Thursday, November 29, 2012

Charlie Brown
When the little tree falters and droops pathetically
under the weight of that innocent-looking
but fatal ornament, and Charlie Brown wails,
I’ve killed it, everything I touch gets ruined,
I feel for the guy: I know the sad prison
his heart’s doing time in. I know how it feels
to be King Midas’s evil twin,
Destructo-Man careening through the world,
smashing houses, reducing highways to rubble,
levelling whole cities with my evil-eye laser beams
and mega-grenades.

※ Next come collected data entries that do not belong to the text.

lemma D3_condition_iff:
  fixes x z :: "('a::field ^ 'n::finite) set"
  assumes d: "complementary x0 x1" and sx: "vec.subspace x" and sz: "vec.subspace z"
  shows "(vec.subspace z \<and> ssum z x0 = ssum x x0 \<and> z \<inter> x0 = x \<inter> x0 \<and> tau_diff_rank x0 x1 z x = 1)
     \<longleftrightarrow> covered (x \<inter> z) x \<and> covered (x \<inter> z) z \<and> z \<inter> x0 = x \<inter> x0 \<and> ssum x z \<inter> x0 \<noteq> x \<inter> x0"
    (is "?tau \<longleftrightarrow> ?covers")
proof -
  have s0: "vec.subspace x0" using d unfolding complementary_def by simp
  define S where "S = ssum x x0"
  define T where "T = ssum x z \<inter> x0"
  define W where "W = x \<inter> x0"
  have sS: "vec.subspace S" using sx s0 unfolding S_def by (rule subspace_ssum)
  have dim_S: "vec.dim S + vec.dim W = vec.dim x + vec.dim x0"
    unfolding S_def W_def by (rule dim_ssum_inter[OF sx s0])
  have dim_z0: "vec.dim (ssum z x0) + vec.dim (z \<inter> x0) = vec.dim z + vec.dim x0"
    by (rule dim_ssum_inter[OF sz s0])
  have "W \<subseteq> T" unfolding W_def T_def using subset_ssum_left[OF sz, of x] by blast
  note growth = dim_inter_growth[OF sx sz s0, folded S_def T_def W_def]
  have covered_iff: "covered (x \<inter> z) x \<and> covered (x \<inter> z) z \<longleftrightarrow>
      vec.dim z = vec.dim x \<and> vec.dim (ssum x z) = vec.dim x + 1"
    using dim_ssum_inter[OF sx sz] sx sz vec.subspace_inter[OF sx sz] unfolding covered_def by auto
  show ?thesis
  proof
    assume ?tau
    then have z0: "ssum z x0 = S" and zW: "z \<inter> x0 = W" and rank: "vec.dim T = vec.dim W + 1"
      using tau_diff_rank_eq_dim[OF d sx sz] unfolding S_def T_def W_def by auto
    have "vec.dim z = vec.dim x" using dim_S dim_z0 z0 zW by simp
    moreover have "ssum x z \<subseteq> S"
      using subset_ssum_left[OF s0, of z] ssum_subset[OF sS, of x z] subset_ssum_left[OF s0, of x]
      unfolding z0 S_def by blast
    then have "vec.dim (ssum x z) = vec.dim x + 1" using growth(2) rank by simp
    ultimately show ?covers using covered_iff zW rank unfolding T_def W_def by auto
  next
    assume ?covers
    then have dz: "vec.dim z = vec.dim x" and dxz: "vec.dim (ssum x z) = vec.dim x + 1"
      and zW: "z \<inter> x0 = W" and "W \<noteq> T"
      using covered_iff unfolding T_def W_def by blast+
    then have "vec.dim W < vec.dim T"
      using dim_strict_mono[OF _ _ psubsetI[OF \<open>W \<subseteq> T\<close>]] vec.subspace_inter sx sz s0 subspace_ssum
      unfolding T_def W_def by metis
    then have rank: "vec.dim T = vec.dim W + 1" using growth(1) dxz by linarith
    then have "ssum x z \<subseteq> S" using growth(2) dxz by simp
    then have "z \<subseteq> S" using subset_ssum_right[OF sx, of z] by blast
    moreover have "x0 \<subseteq> S" unfolding S_def by (rule subset_ssum_right[OF sx])
    ultimately have "ssum z x0 \<subseteq> S" by (rule ssum_subset[OF sS])
    moreover have "vec.dim (ssum z x0) = vec.dim S" using dim_S dim_z0 zW dz by simp
    ultimately have "ssum z x0 = S"
      using vec.subspace_dim_equal[OF subspace_ssum[OF sz s0] sS] by simp
    then show ?tau
      using tau_diff_rank_eq_dim[OF d sx sz] sz zW rank unfolding S_def T_def W_def by simp
  qed
qed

If only I could hold
a cute little bunny without crushing the breath
out of it with my unrestrained strength, if only
I could embrace a woman without inspiring
in her the sudden desire to obtain
a restraining order or move to Cleveland.

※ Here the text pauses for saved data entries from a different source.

(* Consider online binary classification with abstention with $d$ experts, and suppose the abstention costs satisfy $0\le c_t$ and $\max_t c_t<\frac12$. Then AdaHedge with abstention guarantees, for every expert $i\in\{1,\dots,d\}$, $$\sum_{t=1}^T\big((1-b_t)\ell_t(y_t^\star)+b_tc_t\big)\le\sum_{t=1}^T\ell_t(y_t^i)+\min\Big\{\frac{\ln d}{1-2\max_tc_t},\ 2\sqrt{\ln d\sum_{t=1}^Tv_t}\Big\}+\frac43\ln d+2,$$ where $v_t=\mathbb E_{i\sim\hat{\mathbf p}_t}\big[(\ell_t(\hat y_t)-\ell_t(y_t^i))^2\big]$.
   Context: Online classification with abstention: in each round $t=1,\dots,T$, the learner observes expert predictions $y_t^1,\dots,y_t^d\in[-1,1]$, predicts $y'_t\in[-1,1]\cup\{*\}$ ($*$ = abstain), the environment reveals $y_t\in\{-1,1\}$ and an abstention cost $c_t$, and the learner suffers $\ell_t(y'_t)=\frac12(1-y_ty'_t)$ if $y'_t\in[-1,1]$ and $c_t$ if $y'_t=*$. For expert $i$ its loss is $\ell_t(y_t^i)=\frac12(1-y_ty_t^i)\in[0,1]$. AdaHedge: with $L_{t,i}=\sum_{s<t}\ell_s(y_s^i)$, weights $\hat p_{t,i}\propto\exp(-\eta_tL_{t,i})$, where $\eta_t=\ln d/\Delta_{t-1}$ (and for $\Delta_{t-1}=0$ the weights are uniform over the experts minimizing $L_{t,i}$), $\Delta_t=\sum_{s\le t}\delta_s$, $\delta_s=h_s-m_s$, $h_s=\sum_i\hat p_{s,i}\ell_s(y_s^i)$, $m_s=-\frac1{\eta_s}\ln\sum_i\hat p_{s,i}e^{-\eta_s\ell_s(y_s^i)}$ (with $m_s=\min_{i:\hat p_{s,i}>0}\ell_s(y_s^i)$ when $\eta_s=\infty$). AdaHedge with abstention (Algorithm 2): in round $t$ obtain $\hat{\mathbf p}_t$ from AdaHedge, set $\hat y_t=\sum_i\hat p_{t,i}y_t^i$, $y_t^\star=\mathrm{sign}(\hat y_t)$, $b_t=1-|\hat y_t|$; predict $y'_t=y_t^\star$ with probability $1-b_t$ and abstain with probability $b_t$; then feed the expert losses $\ell_t(y_t^i)$ to AdaHedge. The quantity $(1-b_t)\ell_t(y_t^\star)+b_tc_t$ is the learner's expected loss in round $t$. *)

theory Defs
  imports Complex_Main
begin

text \<open>Rounds are indexed t = 0,...,T-1 (paper: 1..T); experts i = 0,...,d-1 (paper: 1..d).
  y t : revealed label, ex t i : prediction of expert i in round t, c t : abstention cost.\<close>

definition loss :: "real \<Rightarrow> real \<Rightarrow> real" where
  "loss yt p = (1 - yt * p) / 2"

I wish I could have a drink with Charlie
Brown — he must be old enough now,
he probably goes by Charles, or Chuck —
and tell him it gets better, Chuck, or, really,
it doesn’t, but you learn to live with it,
and you learn that what you destroy comes back
to you, not always, but sometimes, refreshed
and reassembled, almost as good
as new, and sometimes — sometimes — bearing
the willingness to forgive. And he’d take
a long, mad gulp of his vodka gimlet,
stare off into a world that only he
is tipsy and broken hearted enough
to see — some planar Midwestern town
with repeating trees and ink black night skies,
and, forgetting that I was there, he’d shake
that globe of a head and sigh and mutter,
You know, the truth is that Linus was right.

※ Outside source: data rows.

(* Let $C$ be an independent set of the Kneser graph of flags of type $\{2,3\}$ of $\mathrm{PG}(6,q)$ such that every plane and every solid occurs in at most $q+1$ flags of $C$; for a point $X$ let $\Delta_X(C)$ be the set of flags $(E,S)\in C$ with $X\in E$. Let $P$ be a point and suppose there are flags $(E_i,S_i)\in\Delta_P(C)$, $i\in\{1,2,3\}$, with $E_i\cap E_j=P$ for distinct $i,j$. Then every point $Q$ with $Q\notin\langle E_i,E_j\rangle$ and $Q\notin S_i$ for all $i,j\in\{1,2,3\}$ satisfies $$|\Delta_Q(C)|\le 3q^8+12q^7+21q^6+28q^5+26q^4+18q^3+12q^2+8q+4.$$
   Context: Dimensions are projective (planes 2, solids 3). A flag of type $\{2,3\}$ is a pair $(E,S)$ of a plane $E$ and a solid $S$ with $E\subseteq S$; in the Kneser graph distinct flags $(E,S),(E',S')$ are adjacent iff $E\cap S'=\emptyset$ and $E'\cap S=\emptyset$. $\langle\cdot\rangle$ denotes the span. *)

theory Defs
  imports "HOL-Analysis.Analysis"
begin

text \<open>PG(6,q) modelled by the vector space F^7 over a finite field F with q = CARD(F).
Projective subspaces of projective dimension d are linear subspaces of
vector dimension d+1.\<close>

type_synonym 'a vec7 = "'a ^ 7"

definition psub_of_dim :: "nat \<Rightarrow> ('a::field) vec7 set \<Rightarrow> bool" where
  "psub_of_dim k U \<longleftrightarrow> vec.subspace U \<and> vec.dim U = k"

definition is_point :: "('a::field) vec7 set \<Rightarrow> bool" where
  "is_point U \<longleftrightarrow> psub_of_dim 1 U"

definition is_plane :: "('a::field) vec7 set \<Rightarrow> bool" where
  "is_plane U \<longleftrightarrow> psub_of_dim 3 U"

definition is_solid :: "('a::field) vec7 set \<Rightarrow> bool" where
  "is_solid U \<longleftrightarrow> psub_of_dim 4 U"

definition is_flag23 :: "('a::field) vec7 set \<times> 'a vec7 set \<Rightarrow> bool" where
  "is_flag23 F \<longleftrightarrow> is_plane (fst F) \<and> is_solid (snd F) \<and> fst F \<subseteq> snd F"

text \<open>Projectively disjoint = trivial intersection as vector subspaces.\<close>
definition kneser_adj :: "('a::field) vec7 set \<times> 'a vec7 set \<Rightarrow> 'a vec7 set \<times> 'a vec7 set \<Rightarrow> bool" where
  "kneser_adj F F' \<longleftrightarrow> F \<noteq> F' \<and> fst F \<inter> snd F' = {0} \<and> fst F' \<inter> snd F = {0}"

definition independent_flags :: "(('a::field) vec7 set \<times> 'a vec7 set) set \<Rightarrow> bool" where
  "independent_flags C \<longleftrightarrow> (\<forall>F\<in>C. is_flag23 F) \<and> (\<forall>F\<in>C. \<forall>F'\<in>C. \<not> kneser_adj F F')"

definition Delta :: "('a::field) vec7 set \<Rightarrow> ('a vec7 set \<times> 'a vec7 set) set \<Rightarrow> ('a vec7 set \<times> 'a vec7 set) set" where
  "Delta X C = {F \<in> C. X \<subseteq> fst F}"

end

theory Submission
  imports Defs
begin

It really wasn’t such a bad little tree.

-Troy Jollimore


This is where I am.  Class is over.  After long nights of preparation--eagerness and optimism--I ended the class wanting to let out a whimper.  I think next week I will likely look back and say, "hey, it really wasn't such a bad class after all'--I have always needed outside affirmation to recognize something as good (with rare exceptions.)  I know that the mental energy that is being taken up with all this exaggerated thinking on my part is getting in the way of my doing those things that are most important to me.  There are those kids to love, there are friends to encourage, there are weeds of evil and laziness and complacency that need to be hacked back. There is a church to participate with... There are houses to clean and cats to cuddle with and dogs to walk.  There are husbands to romance.  There is a my Dad no further than a phone call away.  There is dinner and the laundry.  Papers to grade.

Yet most importantly there is a need to do all these things from a deep, grounded center.  To not always be reacting, in flux, carried away, catching up, hanging on.